* [Aim of the task]
Begin at the line below that has "n) = floorlog" and stop after the line that has "gH + of_nat". Please restate only those lines, word for word.

* [Exercise material]
(* Let $A$ be a guidable nondeterministic parity tree automaton over $\Sigma$ and $J$ an index with $\min(J)\in\{1,2\}$. Suppose $\mathcal{L}(A)$ is $J$-feasible, witnessed by a $J$-parity tree automaton $B$ with $\mathcal{L}(B)=\mathcal{L}(A)$, and let $N=|A|\,|B|+1$ where $|A|,|B|$ are the numbers of states. Then for every $\Sigma$-tree $t\in\mathcal{L}(A)$, every accepting run $\rho_B$ of $B$ on $t$, and $\rho_A=g(\rho_B)$ the run of $A$ on $t$ guided by $\rho_B$ via an acceptance-preserving guiding function $g$ from $B$ to $A$, Eve wins $\mathrm{Reg}^J_N(\rho_A)$, where $\rho_A$ is viewed as a parity graph.
   Context: An index is a nonempty finite interval of $\mathbb{N}$; a priority sequence is parity accepting if its $\limsup$ is even. A nondeterministic $I$-parity tree automaton is $(\Sigma,Q,q_I,\Delta,\Omega)$, $Q$ finite, $\Delta\subseteq Q\times\Sigma\times Q\times Q$ complete, $\Omega:\Delta\to I^2$. A run on $t:\{0,1\}^*\to\Sigma$ is $\rho:\{0,1\}^*\to\Delta$ with $\rho(\varepsilon)$ from $q_I$, $\rho(u)=(q,t(u),q_0,q_1)$, $\rho(u\cdot d)$ from $q_d$; the edge $u\to u\cdot d$ has priority the $d$-th component of $\Omega(\rho(u))$; accepting means every branch has parity accepting priority sequence. $\mathcal{L}(A)$ = trees with an accepting run; a language is $J$-feasible if recognised by some $J$-parity automaton. A guiding function from $B$ to $A$ is $g:Q_A\times\Delta_B\to\Delta_A$ with $g(p,(q,a,q_0,q_1))=(p,a,p_0,p_1)$; $g(\rho)(u)=g(s(u),\rho(u))=(s(u),t(u),p_0,p_1)$ with $s(\varepsilon)=q_{I,A}$, $s(u\cdot d)=p_d$; it preserves acceptance if $g(\rho)$ is accepting whenever $\rho$ is. $A$ is guidable if every $B$ with $\mathcal{L}(B)=\mathcal{L}(A)$ admits an acceptance-preserving guiding function to $A$. A run $\rho$ is viewed as the parity graph with vertices $\{0,1\}^*$, edges $u\to u\cdot d$ labelled by their priorities, started at $\varepsilon$. Priority transduction game $\mathrm{Reg}^J_N(G)$ over a parity graph $G=(V,E,L)$ with priorities in $I$: configurations consist of a vertex, registers $r_j\in I$ for each $j$ with $2j\in J$ (plus $r_0$ if $1\in J$), counters $c_{i,j}\in\mathbb{N}$ for odd $i\in I$ and register indices $j$; initially counters $0$, registers $\min(I)$. Each step: (a) Adam chooses an outgoing edge $e$; (b) Eve chooses a register $r_j$; (c) output $w=1$ if $j=0$; else $w=2j$ if $r_j$ even; else if $c_{r_j,j}=N$ then $w=2j+1$, $c_{r_j,j}:=0$, and Eve loses immediately if $2j+1\notin J$; else $w=2j$, $c_{r_j,j}:=c_{r_j,j}+1$; (d) if $L(e)$ even, $i:=L(e)$, else Eve chooses odd $i\ge L(e)$ in $I$; then $c_{i',j}:=0$ for $i'<i$, $c_{r_j,j'}:=0$ for $j'<j$, $r_{j'}:=\max(i,r_{j'})$ for $j'>j$, $r_j:=i$. Eve wins iff she never loses immediately and the output sequence is parity accepting. *)

theory Defs
  imports Main "HOL-Library.Extended_Nat" "HOL-Library.Liminf_Limsup"
begin
text \<open>Only a fraction \<open>|Q|\<^sup>2 2\<^sup>-\<^sup>d\<close> of the words of length \<open>k\<close> can be
  compressed by \<open>d\<close> bits, so on \<open>block k\<close> the output loses at most about \<open>d/k + |Q|\<^sup>2 2\<^sup>-\<^sup>d\<close>.\<close>

lemma length_run_block:
  assumes "q \<in> reachable" "8 * d \<le> k" "8 * (card Q * card Q) \<le> 2 ^ d"
  shows "3 * length (block k) \<le> 4 * length (fst (run \<delta> \<nu> q (block k)))"
proof -
  let ?good = "filter (\<lambda>w. w \<notin> lossy k d) (all_words k)"
  have "length (filter (\<lambda>w. w \<in> lossy k d) (all_words k)) = card ({w. w \<in> lossy k d} \<inter> set (all_words k))"
    by (rule distinct_length_filter[OF distinct_all_words])
  also have "{w. w \<in> lossy k d} \<inter> set (all_words k) = lossy k d"
    by (auto simp: set_all_words lossy_def)
  also have "card (lossy k d) \<le> card Q * card Q * 2 ^ (k - d)"
    by (rule card_lossy)
  finally have "8 * length (filter (\<lambda>w. w \<in> lossy k d) (all_words k)) \<le> 8 * (card Q * card Q) * 2 ^ (k - d)"
    by simp
  also have "\<dots> \<le> 2 ^ d * 2 ^ (k - d)"
    using assms(3) by (rule mult_le_mono1)
  also have "\<dots> = 2 ^ k"
    using assms(2) by (simp flip: power_add)
  finally have "7 * 2 ^ k \<le> 8 * length ?good"
    using sum_length_filter_compl[of "\<lambda>w. w \<in> lossy k d" "all_words k"] by (simp add: length_all_words)
  moreover have "7 * k \<le> 8 * (k - d)"
    using assms(2) by simp
  ultimately have "49 * (k * 2 ^ k) \<le> 64 * ((k - d) * length ?good)"
    using mult_le_mono[of "7 * k" "8 * (k - d)" "7 * 2 ^ k" "8 * length ?good"] by (simp add: algebra_simps)
  also have "(k - d) * length ?good \<le> length (fst (run \<delta> \<nu> q (block k)))"
    unfolding block_def using assms(1) by (intro length_run_concat_ge) (simp_all add: set_all_words)
  finally show ?thesis
    by (simp add: length_block)
qed

lemma length_run_blocks:
  obtains k0 where "\<And>ks q. \<forall>k\<in>set ks. k0 \<le> k \<Longrightarrow> q \<in> reachable \<Longrightarrow>
    3 * length (concat (map block ks)) \<le> 4 * length (fst (run \<delta> \<nu> q (concat (map block ks))))"
proof -
  define d where "d = 8 * (card Q * card Q)"
  have d: "8 * (card Q * card Q) \<le> 2 ^ d"
    unfolding d_def by (simp add: less_imp_le_nat)
  have "3 * length (concat (map block ks)) \<le> 4 * length (fst (run \<delta> \<nu> q (concat (map block ks))))"
    if "\<forall>k\<in>set ks. 8 * d \<le> k" "q \<in> reachable" for ks q
    using that
  proof (induction ks arbitrary: q)
    case (Cons k ks)
    have "3 * length (block k) \<le> 4 * length (fst (run \<delta> \<nu> q (block k)))"
      using Cons.prems d by (intro length_run_block) auto
    moreover have "3 * length (concat (map block ks))
        \<le> 4 * length (fst (run \<delta> \<nu> (snd (run \<delta> \<nu> q (block k))) (concat (map block ks))))"
      using Cons.IH run_reachable Cons.prems by simp
    ultimately show ?case
      by (simp add: run_append)
  qed simp
  then show ?thesis
    by (rule that)
qed

end

section \<open>LZ78 and factor complexity\<close>

declare bin.simps [simp del]

lemma length_bin: "length (bin n) = floorlog 2 n"
proof (induction n rule: bin.induct)
  case (1 n)
  then show ?case
    by (subst bin.simps, subst compute_floorlog) simp
qed

lemma floorlog_le_self: "floorlog 2 n \<le> n"
  by (simp add: floorlog_le_iff)
lemma Ugrade_gH_mult: "x \<in> Ugrade n \<Longrightarrow> gH * x \<in> Ugrade n"
proof (rule Ugrade_left_mult)
  fix i j k assume ij: "int i - int j = n"
  have "gH * pbw_mon i j k = (gH * gE ^ i) * gF ^ j * gH ^ k"
    by (simp add: pbw_mon_def mult.assoc)
  also have "\<dots> \<approx> (gE ^ i * gH + of_nat (2 * i) * gE ^ i) * gF ^ j * gH ^ k"
    by (intro sl2_cong_mult H_mult_Epow sl2_cong_refl)
  also have "\<dots> = gE ^ i * (gH * gF ^ j) * gH ^ k + of_nat (2 * i) * pbw_mon i j k"
    by (simp add: pbw_mon_def word_normalize)
  also have "\<dots> \<approx> gE ^ i * (gF ^ j * gH - of_nat (2 * j) * gF ^ j) * gH ^ k
                   + of_nat (2 * i) * pbw_mon i j k"
    by (intro sl2_cong_add sl2_cong_mult H_mult_Fpow sl2_cong_refl)
  also have "\<dots> = pbw_mon i j (Suc k) - of_nat (2 * j) * pbw_mon i j k + of_nat (2 * i) * pbw_mon i j k"
    by (simp add: pbw_mon_def word_normalize)
  finally have "gH * pbw_mon i j k \<approx> \<dots>" .
  moreover have "\<dots> \<in> Ugrade n"
    using ij by (intro Ugrade_add Ugrade_diff Ugrade_of_nat_mult Ugrade_pbw_mon)
  ultimately show "gH * pbw_mon i j k \<in> Ugrade n" by (rule Ugrade_cong)
qed

lemma Ugrade_gF_mult: "x \<in> Ugrade n \<Longrightarrow> gF * x \<in> Ugrade (n - 1)"
proof (rule Ugrade_left_mult)
  fix i j k assume ij: "int i - int j = n"
  show "gF * pbw_mon i j k \<in> Ugrade (n - 1)"
  proof (cases i)
    case 0
    then show ?thesis
      using ij Ugrade_pbw_mon[of 0 "Suc j" "n - 1" k] by (simp add: pbw_mon_def mult.assoc)
  next
    case (Suc i')
    have "gF * pbw_mon i j k = (gF * gE ^ Suc i') * gF ^ j * gH ^ k"
      using Suc by (simp add: pbw_mon_def mult.assoc)
    also have "\<dots> \<approx> (gE ^ Suc i' * gF - of_nat (Suc i') * gE ^ i' * gH
                     - of_nat (Suc i' * i') * gE ^ i') * gF ^ j * gH ^ k"
      by (intro sl2_cong_mult F_mult_Epow sl2_cong_refl)
    also have "\<dots> = pbw_mon (Suc i') (Suc j) k - of_nat (Suc i') * (gE ^ i' * (gH * gF ^ j) * gH ^ k)
                   - of_nat (Suc i' * i') * pbw_mon i' j k"
      by (simp add: pbw_mon_def word_normalize)
    also have "\<dots> \<approx> pbw_mon (Suc i') (Suc j) k
                   - of_nat (Suc i') * (gE ^ i' * (gF ^ j * gH - of_nat (2 * j) * gF ^ j) * gH ^ k)
                   - of_nat (Suc i' * i') * pbw_mon i' j k"
      by (intro sl2_cong_diff sl2_cong_mult H_mult_Fpow sl2_cong_refl)
    also have "\<dots> = pbw_mon (Suc i') (Suc j) k - of_nat (Suc i') * pbw_mon i' j (Suc k)
                   + of_nat (Suc i') * (of_nat (2 * j) * pbw_mon i' j k)
                   - of_nat (Suc i' * i') * pbw_mon i' j k"
      by (simp add: pbw_mon_def word_normalize)
    finally have "gF * pbw_mon i j k \<approx> \<dots>" .
    moreover have "\<dots> \<in> Ugrade (n - 1)"
      using ij Suc by (intro Ugrade_add Ugrade_diff Ugrade_of_nat_mult Ugrade_pbw_mon) auto
    ultimately show ?thesis by (rule Ugrade_cong)
  qed
qed
section \<open>Angle bounds from the law of cosines\<close>

lemma triangle_angle_ge_arccos_sum:
  fixes \<rho> \<sigma> \<zeta> a :: real
  assumes r: "1 \<le> \<rho>" "\<rho> \<le> 2" "1 \<le> \<sigma>" "\<sigma> \<le> 2" and z: "1 \<le> \<zeta>"
    and law: "\<zeta>^2 = \<rho>^2 + \<sigma>^2 - 2 * \<rho> * \<sigma> * cos a" and a: "0 \<le> a" "a \<le> pi"
  shows "arccos (\<rho>/2) + arccos (\<sigma>/2) - pi/3 \<le> a"
proof (rule ccontr)
  define u where "u = arccos (\<rho>/2)"
  define v where "v = arccos (\<sigma>/2)"
  note U = arccos_half_bounds[OF r(1,2), folded u_def]
  note V = arccos_half_bounds[OF r(3,4), folded v_def]
  assume "\<not> ?thesis"
  then have lt: "a < u + v - pi/3" by (simp add: u_def v_def)
  have "cos (u + v - pi/3) < cos a"
    using lt a U V by (intro cos_monotone_0_pi) auto
  then have "2 * \<rho> * \<sigma> * cos (u + v - pi/3) < 2 * \<rho> * \<sigma> * cos a" using r by simp
  then have "\<zeta>^2 < \<rho>^2 + \<sigma>^2 - 2 * \<rho> * \<sigma> * cos (u + v - pi/3)" using law by linarith
  also have "\<dots> = 4 * cos u^2 + 4 * cos v^2 - 8 * cos u * cos v * cos (u + v - pi/3)"
  proof -
    have "\<rho> = 2 * cos u" "\<sigma> = 2 * cos v" using U(1) V(1) r by auto
    then show ?thesis by (simp add: power2_eq_square)
  qed
  also have "\<dots> \<le> 1" using U V lt a by (intro cos_form_minus_pi_third_le_1) auto
  finally show False using one_le_power[OF z, of 2] by simp
qed

lemma triangle_angle_le_arccos_sum:
  fixes \<rho> \<sigma> \<zeta> a R :: real
  assumes r: "1 \<le> \<rho>" "\<rho> \<le> R" "1 \<le> \<sigma>" "\<sigma> \<le> R" "R \<le> 2" and z: "0 \<le> \<zeta>" "\<zeta> \<le> R"
    and law: "\<zeta>^2 = \<rho>^2 + \<sigma>^2 - 2 * \<rho> * \<sigma> * cos a" and a: "0 \<le> a" "a \<le> pi"
  shows "a \<le> arccos (\<rho>/2) + arccos (\<sigma>/2) + pi/3 - 2 * arccos (R/2)"
proof (rule ccontr)
  define u where "u = arccos (\<rho>/2)"
  define v where "v = arccos (\<sigma>/2)"
  define w where "w = arccos (R/2)"
  note U = arccos_half_bounds[of \<rho>, folded u_def]
  note V = arccos_half_bounds[of \<sigma>, folded v_def]
  note W = arccos_half_bounds[of R, folded w_def]
  have wu: "w \<le> u" "w \<le> v" unfolding u_def v_def w_def using r by (auto intro: arccos_le_arccos)
  assume "\<not> ?thesis"
  then have lt: "u + v + pi/3 - 2 * w < a" by (simp add: u_def v_def w_def)
  have "cos a < cos (u + v + pi/3 - 2 * w)"
    using lt a U V W r wu by (intro cos_monotone_0_pi) auto
  then have "2 * \<rho> * \<sigma> * cos a < 2 * \<rho> * \<sigma> * cos (u + v + pi/3 - 2 * w)" using r by simp
  then have "\<rho>^2 + \<sigma>^2 - 2 * \<rho> * \<sigma> * cos (u + v + pi/3 - 2 * w) < \<zeta>^2" using law by linarith
  moreover have "R^2 \<le> \<rho>^2 + \<sigma>^2 - 2 * \<rho> * \<sigma> * cos (u + v + pi/3 - 2 * w)"
    using cos_sq_le_cos_form[of w u v] U V W r wu by (auto simp: power2_eq_square)
  moreover have "\<zeta>^2 \<le> R^2" using z by (intro power_mono) auto
  ultimately show False by simp
qed

text \<open>The lower bound below only needs \<open>cos a \<le> 1 - 1/(2 R\<^sup>2)\<close>: clearing denominators,
  it reduces to \<open>R\<^sup>2 (\<rho> - \<sigma>)\<^sup>2 + \<rho> \<sigma> \<le> R\<^sup>2\<close>, which holds for \<open>1 \<le> \<rho>, \<sigma> \<le> R\<close> as soon as \<open>R\<^sup>2 \<le> 2\<close>.\<close>

lemma sq_diff_bound:
  fixes p q R :: real
  assumes "1 \<le> p" "p \<le> q" "q \<le> R" "R^2 \<le> 2"
  shows "R^2 * (q - p)^2 + p * q \<le> R^2"
proof -
  have R1: "1 \<le> R" using assms by simp
  have "(q - p)^2 \<le> (R - p)^2" using assms by (intro power_mono) auto
  then have 1: "R^2 * (q - p)^2 \<le> R^2 * (R - p)^2" by (intro mult_left_mono) auto
  have 2: "p * q \<le> p * R" using assms by (intro mult_left_mono) auto
  have "R * (R - p) \<le> R * (R - 1)" using assms R1 by (intro mult_left_mono) auto
  also have "\<dots> \<le> 1" using assms R1 by (simp add: power2_eq_square algebra_simps)
  finally have "(R - p) * (R * (R - p)) \<le> (R - p) * 1" using assms by (intro mult_left_mono) auto
  then have "R * (R - p)^2 + p \<le> R" by (simp add: power2_eq_square algebra_simps)
  then have "R * (R * (R - p)^2 + p) \<le> R * R" using R1 by (intro mult_left_mono) auto
  then show ?thesis using 1 2 by (simp add: power2_eq_square algebra_simps)
qed

lemma triangle_angle_ge_arccos_inv_sq:
  fixes \<rho> \<sigma> \<zeta> a R :: real
  assumes r: "1 \<le> \<rho>" "\<rho> \<le> R" "1 \<le> \<sigma>" "\<sigma> \<le> R" "R^2 \<le> 2" and z: "1 \<le> \<zeta>"
    and law: "\<zeta>^2 = \<rho>^2 + \<sigma>^2 - 2 * \<rho> * \<sigma> * cos a" and a: "0 \<le> a" "a \<le> pi"
  shows "arccos (1 - 1/(2 * R^2)) \<le> a"
proof -
  have R1: "1 \<le> R" using r by simp
  have k: "R^2 * (\<rho> - \<sigma>)^2 + \<rho> * \<sigma> \<le> R^2"
    using sq_diff_bound[of \<rho> \<sigma> R] sq_diff_bound[of \<sigma> \<rho> R] r
    by (cases "\<rho> \<le> \<sigma>") (auto simp: power2_commute mult.commute)
  have "R^2 * (2 * \<rho> * \<sigma> * cos a) \<le> R^2 * (\<rho>^2 + \<sigma>^2 - 1)"
    using law z one_le_power[of \<zeta> 2] by (intro mult_left_mono) auto
  also have "\<dots> \<le> 2 * \<rho> * \<sigma> * R^2 - \<rho> * \<sigma>" using k by (simp add: power2_eq_square algebra_simps)
  finally have "(\<rho> * \<sigma>) * (2 * R^2 * cos a) \<le> (\<rho> * \<sigma>) * (2 * R^2 - 1)"
    by (simp add: algebra_simps)
  then have "2 * R^2 * cos a \<le> 2 * R^2 - 1" using r by (simp add: mult_le_cancel_left_pos)
  then have "cos a \<le> 1 - 1/(2 * R^2)" using R1 by (simp add: field_simps)
  then have "arccos (1 - 1/(2 * R^2)) \<le> arccos (cos a)"
    using R1 by (intro arccos_le_arccos) auto
  then show ?thesis using a by (simp add: arccos_cos)
qed

lemma le_2_of_sq_le_2:
  fixes R :: real
  assumes "R^2 \<le> 2"
  shows "R \<le> 2"
proof (rule ccontr)
  assume "\<not> R \<le> 2"
  then have "2 * 2 \<le> R * R" by (intro mult_mono) auto
  then show False using assms by (simp add: power2_eq_square)
qed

* [Solution to the problem]
lemma length_bin: "length (bin n) = floorlog 2 n"
proof (induction n rule: bin.induct)
  case (1 n)
  then show ?case
    by (subst bin.simps, subst compute_floorlog) simp
qed

lemma floorlog_le_self: "floorlog 2 n \<le> n"
  by (simp add: floorlog_le_iff)
lemma Ugrade_gH_mult: "x \<in> Ugrade n \<Longrightarrow> gH * x \<in> Ugrade n"
proof (rule Ugrade_left_mult)
  fix i j k assume ij: "int i - int j = n"
  have "gH * pbw_mon i j k = (gH * gE ^ i) * gF ^ j * gH ^ k"
    by (simp add: pbw_mon_def mult.assoc)
  also have "\<dots> \<approx> (gE ^ i * gH + of_nat (2 * i) * gE ^ i) * gF ^ j * gH ^ k"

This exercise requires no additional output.